[PATCH v3 2/6] x86/uaccess: Avoid barrier_nospec() in 64-bit __get_user()
Linus Torvalds
torvalds at linux-foundation.org
Fri Nov 22 09:16:12 AEDT 2024
On Thu, 21 Nov 2024 at 13:40, Josh Poimboeuf <jpoimboe at kernel.org> wrote:
>
> The profile is showing futex_get_value_locked():
Ahh.
> That has several callers, so we can probably just use get_user() there?
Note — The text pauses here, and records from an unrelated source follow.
lemma abs_arctan_minus_self_le:
  assumes "\<bar>y\<bar> < 1"
  shows "\<bar>arctan y - y\<bar> \<le> \<bar>y\<bar> ^ 3"
proof -
  have nonneg: "\<bar>arctan y - y\<bar> \<le> y ^ 3" if "0 \<le> y" "y < 1" for y :: real
  proof -
    have "(\<Sum>k<2 * 1. (- 1) ^ k * (1 / real (k * 2 + 1) * y ^ (k * 2 + 1))) \<le> arctan y"
      using that by (rule arctan_lower_bound)
    then have "y - y ^ 3 / 3 \<le> arctan y" by (simp add: eval_nat_numeral)
    moreover have "arctan y \<le> y" using that(1) by (rule arctan_le_self)
    ultimately show ?thesis using that by (simp add: abs_le_iff)
  qed
  show ?thesis
  proof (cases "y \<ge> 0")
    case True
    then show ?thesis using nonneg[of y] assms by simp
  next
    case False
    then show ?thesis using nonneg[of "- y"] assms by (simp add: arctan_minus abs_minus_commute)
  qed
qed

lemma exp_neg_le_quadratic:
  fixes x :: real
  assumes "x \<ge> 0"
  shows "exp (- x) \<le> 1 - x + x\<^sup>2 / 2"
proof -
  define f where "f y = 1 - y + y\<^sup>2 / 2 - exp (- y)" for y :: real
  have "f 0 \<le> f x"
  proof (rule DERIV_nonneg_imp_nondecreasing[OF assms])
    fix y :: real
    have "(f has_real_derivative - 1 + y + exp (- y)) (at y)"
      unfolding f_def by (auto intro!: derivative_eq_intros)
    moreover have "- 1 + y + exp (- y) \<ge> 0" using exp_ge_add_one_self[of "- y"] by simp
    ultimately show "\<exists>d. (f has_real_derivative d) (at y) \<and> d \<ge> 0" by blast
  qed
  then show ?thesis by (simp add: f_def)
qed

lemma one_minus_exp_neg_bounds:
  fixes x :: real
  assumes "x \<ge> 0"
  shows "0 \<le> 1 - exp (- x)" and "1 - exp (- x) \<le> x" and "\<bar>1 - exp (- x) - x\<bar> \<le> x\<^sup>2 / 2"
  using assms exp_ge_add_one_self[of "- x"] exp_neg_le_quadratic[OF assms] by (auto simp: abs_le_iff)

lemma one_minus_exp_neg_two_pi_bounds:
  fixes t :: real
  assumes "0 < t"
  shows "0 \<le> 1 - exp (- (2 * pi * t))" and "1 - exp (- (2 * pi * t)) \<le> 8 * t"
    and "\<bar>1 - exp (- (2 * pi * t)) - 2 * pi * t\<bar> \<le> 32 * t\<^sup>2"
proof -
  have nonneg: "0 \<le> 2 * pi * t" using assms by simp
  have "pi * t \<le> 4 * t" using assms pi_less_4 by (intro mult_right_mono) auto
  then show "0 \<le> 1 - exp (- (2 * pi * t))" and "1 - exp (- (2 * pi * t)) \<le> 8 * t"
    using one_minus_exp_neg_bounds(1,2)[OF nonneg] by linarith+
  have "pi\<^sup>2 * t\<^sup>2 \<le> 4\<^sup>2 * t\<^sup>2" using pi_less_4 by (intro mult_right_mono power_mono) auto
  moreover have "(2 * pi * t)\<^sup>2 / 2 = 2 * (pi\<^sup>2 * t\<^sup>2)" by (simp add: power_mult_distrib)
  ultimately show "\<bar>1 - exp (- (2 * pi * t)) - 2 * pi * t\<bar> \<le> 32 * t\<^sup>2"
    using one_minus_exp_neg_bounds(3)[OF nonneg] by simp
qed

lemma square_mult_exp_neg_le: "t\<^sup>2 * exp (- 2 * pi * t) \<le> 1" if "t \<ge> 0" for t :: real
proof -
  have "1 \<le> pi\<^sup>2" using pi_gt3 by (intro one_le_power) simp
  then have "1 * t\<^sup>2 \<le> (2 * pi\<^sup>2) * t\<^sup>2" by (intro mult_right_mono) auto
  also have "\<dots> = (2 * pi * t)\<^sup>2 / 2" by (simp add: power_mult_distrib)
  also have "\<dots> \<le> exp (2 * pi * t)"
  proof -
    have "0 \<le> 2 * pi * t" using that by simp
    then show ?thesis using exp_lower_Taylor_quadratic[of "2 * pi * t"] by linarith
  qed
  finally have "t\<^sup>2 \<le> exp (2 * pi * t)" by simp
  then show ?thesis by (simp add: exp_minus field_simps)
qed

lemma sums_relative_perturbation:
  fixes f T :: "nat \<Rightarrow> real"
  assumes T: "T sums L" and f: "\<And>n. \<bar>f n - T n\<bar> \<le> c * T n"
  shows "summable f" and "\<bar>suminf f - L\<bar> \<le> c * L"
proof -
  have cT: "(\<lambda>n. c * T n) sums (c * L)" using T by (rule sums_mult)
  have abs_err: "summable (\<lambda>n. \<bar>f n - T n\<bar>)"
    using f by (intro summable_comparison_test[OF _ sums_summable[OF cT]]) auto
  then have err: "summable (\<lambda>n. f n - T n)" by (rule summable_rabs_cancel)
  have "f = (\<lambda>n. T n + (f n - T n))" by simp
  then have f_sums: "f sums (L + (\<Sum>n. f n - T n))"
    using sums_add[OF T summable_sums[OF err]] by simp
  then show "summable f" by (rule sums_summable)
  have "\<bar>\<Sum>n. f n - T n\<bar> \<le> (\<Sum>n. \<bar>f n - T n\<bar>)" using abs_err by (rule summable_rabs)
  also have "\<dots> \<le> (\<Sum>n. c * T n)"
    by (intro suminf_le f abs_err sums_summable[OF cT])
  also have "\<dots> = c * L" using cT by (rule sums_unique[symmetric])
  finally show "\<bar>suminf f - L\<bar> \<le> c * L" using f_sums by (simp add: sums_iff)
qed

section \<open>The Poisson kernel series\<close>

definition poisson_kernel :: "real \<Rightarrow> real \<Rightarrow> real" where
  "poisson_kernel t u = t / (u\<^sup>2 + t\<^sup>2)"

lemma poisson_kernel_pos: "t > 0 \<Longrightarrow> poisson_kernel t u > 0"
  unfolding poisson_kernel_def by (simp add: add_nonneg_pos)

lemma has_real_derivative_arctan_div:
  assumes "t \<noteq> 0"
  shows "((\<lambda>u. arctan (u / t)) has_real_derivative poisson_kernel t u) (at u)"
proof -
  have "((\<lambda>u. arctan (u / t)) has_real_derivative 1 / (1 + (u / t)\<^sup>2) * (1 / t)) (at u)"
    using assms by (auto intro!: derivative_eq_intros simp: divide_simps)
  also have "1 / (1 + (u / t)\<^sup>2) * (1 / t) = poisson_kernel t u"
    using assms by (simp add: poisson_kernel_def field_simps power2_eq_square)
  finally show ?thesis .
qed

lemma has_real_derivative_poisson_kernel:
  assumes "t \<noteq> 0"
  shows "(poisson_kernel t has_real_derivative - 2 * t * u / (u\<^sup>2 + t\<^sup>2)\<^sup>2) (at u)"
proof -
  have "u\<^sup>2 + t\<^sup>2 \<noteq> 0" using assms by (simp add: add_nonneg_pos)
  then show ?thesis unfolding poisson_kernel_def [abs_def]
    by (auto intro!: derivative_eq_intros simp: field_simps power2_eq_square)
qed

lemma has_real_derivative_poisson_kernel_deriv:
  assumes "t \<noteq> 0"
  shows "((\<lambda>u. - 2 * t * u / (u\<^sup>2 + t\<^sup>2)\<^sup>2) has_real_derivative
           t * (6 * u\<^sup>2 - 2 * t\<^sup>2) / (u\<^sup>2 + t\<^sup>2) ^ 3) (at u)"
proof -
  have nz: "u\<^sup>2 + t\<^sup>2 \<noteq> 0" using assms by (simp add: add_nonneg_pos)
  have "((\<lambda>u. - 2 * t * u / (u\<^sup>2 + t\<^sup>2)\<^sup>2) has_real_derivative
      ((- 2 * t) * (u\<^sup>2 + t\<^sup>2)\<^sup>2 - (- 2 * t * u) * (2 * (u\<^sup>2 + t\<^sup>2) * (2 * u)))
        / ((u\<^sup>2 + t\<^sup>2)\<^sup>2)\<^sup>2) (at u)"
    using nz by (intro derivative_eq_intros refl) (auto simp: divide_simps)
  also have "((- 2 * t) * (u\<^sup>2 + t\<^sup>2)\<^sup>2 - (- 2 * t * u) * (2 * (u\<^sup>2 + t\<^sup>2) * (2 * u)))
        / ((u\<^sup>2 + t\<^sup>2)\<^sup>2)\<^sup>2 = t * (6 * u\<^sup>2 - 2 * t\<^sup>2) / (u\<^sup>2 + t\<^sup>2) ^ 3"
    using nz by (simp add: divide_simps) algebra
  finally show ?thesis .
qed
Yeah, that's the simplest thing. That thing isn't even some inline
function, so the real cost is the call.
That said, exactly because it's not inlined, and calls are expensive,
and this is apparently really critical, we can just do it with the
full "unsafe_get_user()" model.
It's not so complicated. The attached patch is untested, but I did
check that it generates almost perfect code:
mov %gs:0x0,%rax # current
incl 0x1a9c(%rax) # current->pagefault_disable++
movabs $0x123456789abcdef,%rcx # magic virtual address size
cmp %rsi,%rcx # address masking
sbb %rcx,%rcx
or %rsi,%rcx
stac # enable user space acccess
mov (%rcx),%ecx # get the value
clac # disable user space access
decl 0x1a9c(%rax) # current->pagefault_disable--
mov %ecx,(%rdi) # save the value
xor %eax,%eax # return 0
ret
(with the error case for the page fault all out-of-line).
So this should be _faster_ than the old __get_user(), because while
the address masking is not needed, it's cheaper than the function call
used to be and the error handling is better.
If you can test this and verify that it actually help, I'll take it as
a patch. Consider it signed-off after testing.
> Also, is there any harm in speeding up __get_user()? It still has ~80
> callers and it's likely to be slowing down things we don't know about.
How would you speed it up? We definitely can't replace the fence with
addressing tricks. So we can't just replace it with "get_user()",
because of those horrid architecture-specific kernel uses.
Now, we could possibly say "just remove the fence in __get_user()
entirely", but that would involve moving it to access_ok().
And then it wouldn't actually speed anything up (except the horrid
architecture-specific kernel uses that then don't call access_ok() at
all - and we don't care about *those*).